There is no fixed window, only the amount of activity since the delete. The deleted rows stay recoverable until their space in the data file or their records in the log get reused by new writes. On a quiet database that can be a long time, on a busy production system it can be minutes. This is why taking the table or database out of use is the first thing to do.
What is the Best Way to Recover a Large Number of Deleted Rows?
A point in time restore is the most reliable for large recoveries, since it brings back every row as it was with no manual reconstruction. Reading the transaction log by hand suits only a handful of rows because the format is complex. When no backup chain exists, a file level recovery tool that reads the MDF handles volume far better than manual log reading, and it does not depend on the recovery model.
The Bottom Line
Recovering deleted records in SQL Server is a race against the next write. The rows are almost never gone at once, they linger in a backup, the transaction log or the data file, and the job is to reach one of those before new activity overwrites it. So the first move is always the same, stop writing to the table, then check your recovery model to see which path is open.
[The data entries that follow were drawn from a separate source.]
(* Let $X$ be a metric space with bounded geometry, $Y\subseteq X$ a subset, and $U\subseteq\beta X$ an invariant open subset; put $U^{\beta Y}=U\cap\beta Y$. Then, regarding $C^*(Y)$ as a subalgebra of $C^*(X)$, $$\mathcal I(Y,U^{\beta Y})=\mathcal I(X,U)\cap C^*(Y)\quad\text{and}\quad\mathcal G(Y,U^{\beta Y})=\mathcal G(X,U)\cap C^*(Y).$$
   Context: Metric spaces are discrete with bounded geometry. $\beta X$ is the Stone–Čech compactification; $\beta Y$ is identified with the closure of $Y$ in $\beta X$, and the coarse groupoid satisfies $G(Y)=G(X)\cap r^{-1}(\beta Y)\cap s^{-1}(\beta Y)$, where $G(X)=\bigcup_{R\ge0}\overline{\{(x,y):d(x,y)\le R\}}\subseteq\beta(X\times X)$ with range/source maps $r,s$ extending coordinate projections. $U$ is invariant if $r(\gamma)\in U\iff s(\gamma)\in U$ for all $\gamma\in G(X)$; then $U^{\beta Y}$ is $G(Y)$-invariant open. $\mathcal H$ is separable infinite-dimensional, $\mathcal H_X=\ell^2(X)\otimes\mathcal H$, and $C^*(Y)$ (built on $\ell^2(Y)\otimes\mathcal H\subseteq\mathcal H_X$) is viewed inside $C^*(X)$ by extending operators by $0$. $\mathbb C[X]$: finite-propagation operators with compact matrix entries $T_{xy}$; $C^*(X)$ its closure. With $\operatorname{supp}_\varepsilon(T)=\{(x,y):\|T_{xy}\|\ge\varepsilon\}$, $r$ the first-coordinate projection and closures in $\beta X$: $\mathcal I(X,U)$ is the closed ideal of $C^*(X)$ generated by $\{T\in\mathbb C[X]:\overline{r(\operatorname{supp}_\varepsilon T)}\subseteq U\ \forall\varepsilon>0\}$ and $\mathcal G(X,U)=\{T\in C^*(X):\overline{r(\operatorname{supp}_\varepsilon T)}\subseteq U\ \forall\varepsilon>0\}$; analogously for $Y$ with $U^{\beta Y}$. *)

theory Defs
  imports "HOL-Analysis.Analysis"
begin
lemma L2_CDF_affine:
  assumes F: "F \<in> L2_CDF" and "\<sigma> > 0"
  shows "(\<lambda>x. F ((x - \<mu>) / \<sigma>)) \<in> L2_CDF"
proof -
  have [measurable]: "F \<in> borel_measurable borel"
    using L2_CDF_is_CDF[OF F] by (rule is_CDF_borel_measurable)
  have bound: "(F ((x - \<mu>) / \<sigma>) - Heaviside x)\<^sup>2
      \<le> 2 * (Heaviside (x - \<mu>) - F ((x - \<mu>) / \<sigma>))\<^sup>2
         + 2 * indicator {min \<mu> 0 .. max \<mu> 0} x" for x
  proof -
    have "(Heaviside (x - \<mu>) - Heaviside x)\<^sup>2 \<le> indicator {min \<mu> 0 .. max \<mu> 0} x"
      by (auto simp: Heaviside_def indicator_def)
    moreover have "(F ((x - \<mu>) / \<sigma>) - Heaviside (x - \<mu>))\<^sup>2
        = (Heaviside (x - \<mu>) - F ((x - \<mu>) / \<sigma>))\<^sup>2"
      by (rule power2_commute)
    ultimately show ?thesis
      using power2_diff_le_twice[where a = "F ((x - \<mu>) / \<sigma>)" and b = "Heaviside (x - \<mu>)"
          and c = "Heaviside x"]
      by linarith
  qed
  have "integrable lborel (\<lambda>x. 2 * (Heaviside (x - \<mu>) - F ((x - \<mu>) / \<sigma>))\<^sup>2
      + 2 * indicator {min \<mu> 0 .. max \<mu> 0} x)"
    using L2_CDF_rescale_distance_to_Heaviside(1)[OF F \<open>\<sigma> > 0\<close>] by auto
  then have "integrable lborel (\<lambda>x. (F ((x - \<mu>) / \<sigma>) - Heaviside x)\<^sup>2)"
    by (rule Bochner_Integration.integrable_bound)
      (use bound order_trans[OF zero_le_power2 bound] in \<open>auto intro!: AE_I2\<close>)
  then show ?thesis
    using is_CDF_affine[OF L2_CDF_is_CDF[OF F] \<open>\<sigma> > 0\<close>] unfolding L2_CDF_def by auto
qed

lemma power2_convex_sum_le:
  fixes p a :: "'i \<Rightarrow> real"
  assumes "finite I" "\<And>i. i \<in> I \<Longrightarrow> p i \<ge> 0" "sum p I = 1"
  shows "(\<Sum>i\<in>I. p i * a i)\<^sup>2 \<le> (\<Sum>i\<in>I. p i * (a i)\<^sup>2)"
proof -
  have "I \<noteq> {}" using \<open>sum p I = 1\<close> by auto
  then show ?thesis
    using convex_on_sum[OF \<open>finite I\<close> _ convex_power2, of p a] assms by simp
qed

lemma is_CDF_convex_sum:
  assumes "finite I" "\<And>i. i \<in> I \<Longrightarrow> p i \<ge> 0" "sum p I = 1"
    and F: "\<And>i. i \<in> I \<Longrightarrow> is_CDF (F i)"
  shows "is_CDF (\<lambda>x. \<Sum>i\<in>I. p i * F i x)"
proof -
  have "(\<Sum>i\<in>I. p i * F i x) \<le> (\<Sum>i\<in>I. p i * 1)" for x
    using assms by (intro sum_mono mult_left_mono) (auto simp: is_CDF_def)
  moreover have "((\<lambda>x. \<Sum>i\<in>I. p i * F i x) \<longlongrightarrow> (\<Sum>i\<in>I. p i * 1)) at_top"
    using F by (intro tendsto_intros) (auto simp: is_CDF_def)
  moreover have "((\<lambda>x. \<Sum>i\<in>I. p i * F i x) \<longlongrightarrow> (\<Sum>i\<in>I. p i * 0)) at_bot"
    using F by (intro tendsto_intros) (auto simp: is_CDF_def)
  moreover have "mono (\<lambda>x. \<Sum>i\<in>I. p i * F i x)"
    using assms by (intro monoI sum_mono mult_left_mono) (auto simp: is_CDF_def mono_def)
  moreover have "continuous (at_right a) (\<lambda>x. \<Sum>i\<in>I. p i * F i x)" for a
    using F by (intro continuous_intros) (auto simp: is_CDF_def)
  ultimately show ?thesis
    using assms unfolding is_CDF_def by (auto intro!: sum_nonneg)
qed

lemma L2_CDF_convex_sum:
  assumes I: "finite I" and p: "\<And>i. i \<in> I \<Longrightarrow> p i \<ge> 0" "sum p I = 1"
    and F: "\<And>i. i \<in> I \<Longrightarrow> F i \<in> L2_CDF"
  shows "(\<lambda>x. \<Sum>i\<in>I. p i * F i x) \<in> L2_CDF"
proof -
  have [measurable]: "F i \<in> borel_measurable borel" if "i \<in> I" for i
    using L2_CDF_is_CDF[OF F[OF that]] by (rule is_CDF_borel_measurable)
  have "(\<Sum>i\<in>I. p i * F i x) - Heaviside x = (\<Sum>i\<in>I. p i * (F i x - Heaviside x))" for x
    using p by (simp add: right_diff_distrib sum_subtractf flip: sum_distrib_right)
  then have bound: "((\<Sum>i\<in>I. p i * F i x) - Heaviside x)\<^sup>2
      \<le> (\<Sum>i\<in>I. p i * (F i x - Heaviside x)\<^sup>2)" for x
    using power2_convex_sum_le[OF I p] by simp
  have "integrable lborel (\<lambda>x. \<Sum>i\<in>I. p i * (F i x - Heaviside x)\<^sup>2)"
    using F by (intro Bochner_Integration.integrable_sum integrable_mult_right L2_CDF_integrable)
  then have "integrable lborel (\<lambda>x. ((\<Sum>i\<in>I. p i * F i x) - Heaviside x)\<^sup>2)"
    by (rule Bochner_Integration.integrable_bound)
      (use bound order_trans[OF zero_le_power2 bound] in \<open>auto intro!: AE_I2\<close>)
  then show ?thesis
    using is_CDF_convex_sum[OF I p L2_CDF_is_CDF[OF F]] unfolding L2_CDF_def by auto
qed

lemma gauss_mix_CDFs_subset_L2_CDF: "gauss_mix_CDFs \<subseteq> L2_CDF"
  unfolding gauss_mix_CDFs_def
  by (auto intro!: L2_CDF_convex_sum L2_CDF_affine Phi_in_L2_CDF)
lemma christoffel_fibre:
  assumes x: "x \<in> U"
  shows "christoffel a (Some r) (Some p) (Some q) x = christoffel ab r p q (fibre_coord x)"
proof -
  let ?y = "fibre_coord x"
  have "(\<Sum>l\<in>UNIV. inv_metric a x $ Some r $ l * (pd (\<lambda>z. a z $ Some q $ l) (Some p) x
        + pd (\<lambda>z. a z $ Some p $ l) (Some q) x - pd (\<lambda>z. a z $ Some p $ Some q) l x))
      = (\<Sum>s\<in>UNIV. inv_metric ab ?y $ r $ s * (pd (\<lambda>z. ab z $ q $ s) p ?y
        + pd (\<lambda>z. ab z $ p $ s) q ?y - pd (\<lambda>z. ab z $ p $ q) s ?y))"
    unfolding sum_UNIV_option
    by (simp add: inv_metric_Some_None[OF x])
       (rule sum.cong, simp_all add: inv_metric_Some_Some[OF x] pd_metric_along_fibre[OF x]
         field_simps warping_nonzero[OF x])
  then show ?thesis unfolding christoffel_def by simp
qed

lemma christoffel_t_fibre:
  "x \<in> U \<Longrightarrow> christoffel a None (Some p) (Some q) x
     = - h (tcoord x) * deriv h (tcoord x) * ab (fibre_coord x) $ p $ q"
  unfolding christoffel_def sum_UNIV_option
  by (simp add: inv_metric_None_left pd_metric_None_right pd_metric_along_t)

lemma christoffel_fibre_t:
  assumes x: "x \<in> U"
  shows "christoffel a (Some r) (Some p) None x
     = (if r = p then deriv h (tcoord x) / h (tcoord x) else 0)"
proof -
  let ?y = "fibre_coord x" and ?t = "tcoord x"
  have y: "?y \<in> V" using fibre_coord_in_V[OF x] .
  have "(\<Sum>l\<in>UNIV. inv_metric a x $ Some r $ l * (pd (\<lambda>z. a z $ None $ l) (Some p) x
        + pd (\<lambda>z. a z $ Some p $ l) None x - pd (\<lambda>z. a z $ Some p $ None) l x))
      = (\<Sum>s\<in>UNIV. (2 * deriv h ?t / h ?t) * (inv_metric ab ?y $ r $ s * ab ?y $ s $ p))"
    unfolding sum_UNIV_option
    by (simp add: inv_metric_Some_None[OF x] pd_metric_None_left[OF x] pd_metric_None_right[OF x])
       (rule sum.cong, simp_all only: inv_metric_Some_Some[OF x] pd_metric_along_t[OF x]
         breve_symmetric[OF y, of p], simp add: power2_eq_square warping_nonzero[OF x])
  also have "\<dots> = (2 * deriv h ?t / h ?t) * (inv_metric ab ?y ** ab ?y) $ r $ p"
    by (simp add: matrix_matrix_mult_def sum_distrib_left)
  also have "\<dots> = (2 * deriv h ?t / h ?t) * (if r = p then 1 else 0)"
    by (simp add: inv_metric_breve(1)[OF y] mat_def)
  finally show ?thesis unfolding christoffel_def by simp
qed

lemma christoffel_t_t_t: "x \<in> U \<Longrightarrow> christoffel a None None None x = 0"
  unfolding christoffel_def sum_UNIV_option
  by (simp add: inv_metric_None_left pd_metric_None_left pd_metric_None_right)

text \<open>The Gauss equation of the fibres \<open>t = const\<close>, which are totally umbilic with
  second fundamental form \<open>h h' ab\<close>.\<close>

lemma riemann_fibre:
  assumes x: "x \<in> U"
  shows "riemann a (Some m) (Some r) (Some p) (Some q) x
     = riemann ab m r p q (fibre_coord x) - (deriv h (tcoord x))\<^sup>2 *
       ((if m = p then ab (fibre_coord x) $ r $ q else 0) - (if m = q then ab (fibre_coord x) $ r $ p else 0))"
proof -
  let ?y = "fibre_coord x" and ?t = "tcoord x"
  have pd_christoffel: "pd (christoffel a (Some m) (Some r) (Some l)) (Some k) x
      = pd (christoffel ab m r l) k ?y" for l k
  proof -
    have "pd (christoffel a (Some m) (Some r) (Some l)) (Some k) x
        = pd (\<lambda>z. christoffel ab m r l (fibre_coord z)) (Some k) x"
      by (rule pd_cong_open[OF open_U x]) (simp add: christoffel_fibre)
    then show ?thesis by (simp add: pd_fibre_coord)
  qed
  have "(\<Sum>n\<in>UNIV. christoffel a (Some m) (Some p) n x * christoffel a n (Some r) (Some q) x
               - christoffel a (Some m) (Some q) n x * christoffel a n (Some r) (Some p) x)
      = (\<Sum>n\<in>UNIV. christoffel ab m p n ?y * christoffel ab n r q ?y
               - christoffel ab m q n ?y * christoffel ab n r p ?y)
        - (deriv h ?t)\<^sup>2 * ((if m = p then ab ?y $ r $ q else 0) - (if m = q then ab ?y $ r $ p else 0))"
    unfolding sum_UNIV_option using warping_nonzero[OF x]
    by (simp add: christoffel_fibre[OF x] christoffel_t_fibre[OF x] christoffel_fibre_t[OF x]
        power2_eq_square)
  then show ?thesis unfolding riemann_def pd_christoffel by simp
qed

lemma metric_ip_fibre_lift:
  "x \<in> U \<Longrightarrow> metric_ip a x (option_vec 0 v) (option_vec 0 v)
     = (h (tcoord x))\<^sup>2 * metric_ip ab (fibre_coord x) v v"
  by (simp add: metric_ip_def sum_UNIV_option metric_Some_Some sum_distrib_left mult_ac)

lemma lower_fibre_lift:
  "x \<in> U \<Longrightarrow> lower a x (option_vec 0 v) (Some p) = (h (tcoord x))\<^sup>2 * lower ab (fibre_coord x) v p"
  by (simp add: lower_def sum_UNIV_option metric_Some_Some sum_distrib_left mult_ac)

lemma riemann_curv_fibre_lift:
  assumes x: "x \<in> U"
  shows "riemann_curv a (Some m) (Some p) x (option_vec 0 v)
     = riemann_curv ab m p (fibre_coord x) v - (deriv h (tcoord x))\<^sup>2 *
       (metric_ip ab (fibre_coord x) v v * (if m = p then 1 else 0) - v $ m * lower ab (fibre_coord x) v p)"
proof -
  let ?y = "fibre_coord x" and ?h' = "deriv h (tcoord x)"
  have y: "?y \<in> V" using fibre_coord_in_V[OF x] .
  have "riemann_curv a (Some m) (Some p) x (option_vec 0 v)
      = (\<Sum>r\<in>UNIV. \<Sum>q\<in>UNIV. riemann a (Some m) (Some r) (Some p) (Some q) x * v $ r * v $ q)"
    unfolding riemann_curv_def sum_UNIV_option by simp
  also have "\<dots> = (\<Sum>r\<in>UNIV. \<Sum>q\<in>UNIV. riemann ab m r p q ?y * v $ r * v $ q
       - ?h'\<^sup>2 * ((if m = p then ab ?y $ r $ q * v $ r * v $ q else 0)
                    - (if m = q then ab ?y $ r $ p * v $ r * v $ q else 0)))"
    by (intro sum.cong refl) (simp add: riemann_fibre[OF x] algebra_simps)
  also have "\<dots> = riemann_curv ab m p ?y v
       - ?h'\<^sup>2 * ((\<Sum>r\<in>UNIV. \<Sum>q\<in>UNIV. if m = p then ab ?y $ r $ q * v $ r * v $ q else 0)
                  - (\<Sum>r\<in>UNIV. \<Sum>q\<in>UNIV. if m = q then ab ?y $ r $ p * v $ r * v $ q else 0))"
    unfolding riemann_curv_def by (simp only: sum_subtractf sum_distrib_left right_diff_distrib)
  also have "(\<Sum>r\<in>UNIV. \<Sum>q\<in>UNIV. if m = p then ab ?y $ r $ q * v $ r * v $ q else 0)
      = metric_ip ab ?y v v * (if m = p then 1 else 0)"
    by (simp add: metric_ip_def)
  also have "(\<Sum>r\<in>UNIV. \<Sum>q\<in>UNIV. if m = q then ab ?y $ r $ p * v $ r * v $ q else 0)
      = v $ m * lower ab ?y v p"
    unfolding lower_def sum_distrib_left
    by (intro sum.cong refl) (simp add: breve_symmetric[OF y, of _ p] mult_ac)
  finally show ?thesis .
qed

lemma cov_deriv_1form_h_dt:
  assumes beta: "\<forall>z\<in>U. \<forall>i. b z $ i = (if i = None then h (tcoord z) else 0)" and x: "x \<in> U"
  shows "cov_deriv_1form a b None None x = deriv h (tcoord x)"
proof -
  have "pd (\<lambda>z. b z $ None) None x = pd (\<lambda>z. h (tcoord z) * 1) None x"
    by (rule pd_cong_open[OF open_U x]) (simp add: beta)
  also have "\<dots> = deriv h (tcoord x)"
    using pd_tcoord_mult_fibre_None[OF warping_has_derivative[OF x], of "\<lambda>_. 1"] by simp
  finally show ?thesis
    unfolding cov_deriv_1form_def sum_UNIV_option using x by (simp add: beta christoffel_t_t_t)
qed
lemma summable_of_quadratic_weight:
  fixes f :: "nat \<Rightarrow> complex"
  assumes s: "summable (\<lambda>k. (d + of_nat k) * (d + of_nat k + 1) * f k)" and d: "d \<notin> \<int>\<^sub>\<le>\<^sub>0"
  shows "summable f" and "summable (\<lambda>k. of_nat k * f k)"
proof -
  define g where "g k = (d + of_nat k) * (d + of_nat k + 1) * f k" for k
  define \<gamma> where "\<gamma> k = 1 / (d + of_nat k)" for k
  have dk: "d + of_nat k \<noteq> 0" "d + of_nat k + 1 \<noteq> 0" for k
    using plus_of_nat_neq_0_if_not_in_nonpos_Ints[OF d, of k]
      plus_of_nat_neq_0_if_not_in_nonpos_Ints[OF d, of "Suc k"] by (simp_all add: add_ac)
  have \<gamma>_Suc: "\<gamma> (Suc k) = 1 / (d + of_nat k + 1)" for k
    by (simp add: \<gamma>_def add_ac)
  \<comment> \<open>Partial fractions express $f_k$ and $k f_k$ as $g_k$ times sequences of bounded variation.\<close>
  have partial_fractions: "x * y * (1 / x + (- 1) * (1 / y)) = y - x"
    "x * y * ((d + 1) * (1 / y) + (- d) * (1 / x)) = (d + 1) * x - d * y"
    if "x \<noteq> 0" "y \<noteq> 0" for x y :: complex
    using that by (simp_all add: field_simps)
  have "(d + of_nat k) * (d + of_nat k + 1) * (\<gamma> k + (- 1) * \<gamma> (Suc k)) = 1"
    and "(d + of_nat k) * (d + of_nat k + 1) * ((d + 1) * \<gamma> (Suc k) + (- d) * \<gamma> k) = of_nat k" for k
    using partial_fractions[OF dk(1)[of k] dk(2)[of k]]
    unfolding \<gamma>_Suc \<gamma>_def by (simp_all add: algebra_simps)
  then have f_eq: "f = (\<lambda>k. g k * (\<gamma> k + (- 1) * \<gamma> (Suc k)))"
    and kf_eq: "(\<lambda>k. of_nat k * f k) = (\<lambda>k. g k * ((d + 1) * \<gamma> (Suc k) + (- d) * \<gamma> k))"
    by (simp_all add: fun_eq_iff g_def mult.commute mult.left_commute)
  have g: "summable g"
    using s by (simp add: g_def[abs_def])
  have "bounded_variation_seq \<gamma>"
    unfolding \<gamma>_def by (rule bounded_variation_seq_inverse_plus_of_nat)
  then have bv1: "bounded_variation_seq (\<lambda>k. \<gamma> k + (- 1) * \<gamma> (Suc k))"
    and bv2: "bounded_variation_seq (\<lambda>k. (d + 1) * \<gamma> (Suc k) + (- d) * \<gamma> k)"
    by (intro bounded_variation_seq_add bounded_variation_seq_cmult bounded_variation_seq_Suc; assumption)+
  show "summable (\<lambda>k. of_nat k * f k)"
    unfolding kf_eq using g bv2 by (rule summable_mult_bounded_variation)
  show "summable f"
    unfolding f_eq using g bv1 by (rule summable_mult_bounded_variation)
qed

lemma hyp3F2_term_eq_gauss_term:
  assumes d: "d \<notin> \<int>\<^sub>\<le>\<^sub>0"
  shows "hyp3F2_term a b (d + 2) c d 1 k
           = (d + of_nat k) * (d + of_nat k + 1) / (d * (d + 1)) * gauss_term a b c k"
proof -
  have nz: "d \<noteq> 0" "d + 1 \<noteq> 0" "pochhammer d k \<noteq> 0"
    using plus_of_nat_neq_0_if_not_in_nonpos_Ints[OF d, of 0]
      plus_of_nat_neq_0_if_not_in_nonpos_Ints[OF d, of 1]
      pochhammer_neq_0_if_not_in_nonpos_Ints[OF d] by simp_all
  have "d * ((d + 1) * pochhammer (d + 2) k) = pochhammer d (Suc (Suc k))"
    by (simp add: pochhammer_rec add.assoc one_add_one)
  also have "\<dots> = (d + of_nat k + 1) * ((d + of_nat k) * pochhammer d k)"
    by (simp add: pochhammer_rec' add_ac)
  finally have "d * (d + 1) * pochhammer (d + 2) k = (d + of_nat k) * (d + of_nat k + 1) * pochhammer d k"
    by (simp add: ac_simps)
  then have "pochhammer (d + 2) k = (d + of_nat k) * (d + of_nat k + 1) * pochhammer d k / (d * (d + 1))"
    using nz by (metis mult_eq_0_iff nonzero_mult_div_cancel_left)
  then show ?thesis
    using nz by (cases "pochhammer c k = 0") (simp_all add: hyp3F2_term_def gauss_term_def ac_simps)
qed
With the full recovery model and log backups, restore a copy to just before the delete and lift the rows out, which is clean and complete. Without that, read the log for a small delete, and when there is no backup and the log cannot help, read the MDF directly for the rows still sitting in its pages. And once the crisis passes, set up the transactions, log backups and history features that turn the next accidental delete from an emergency into an undo.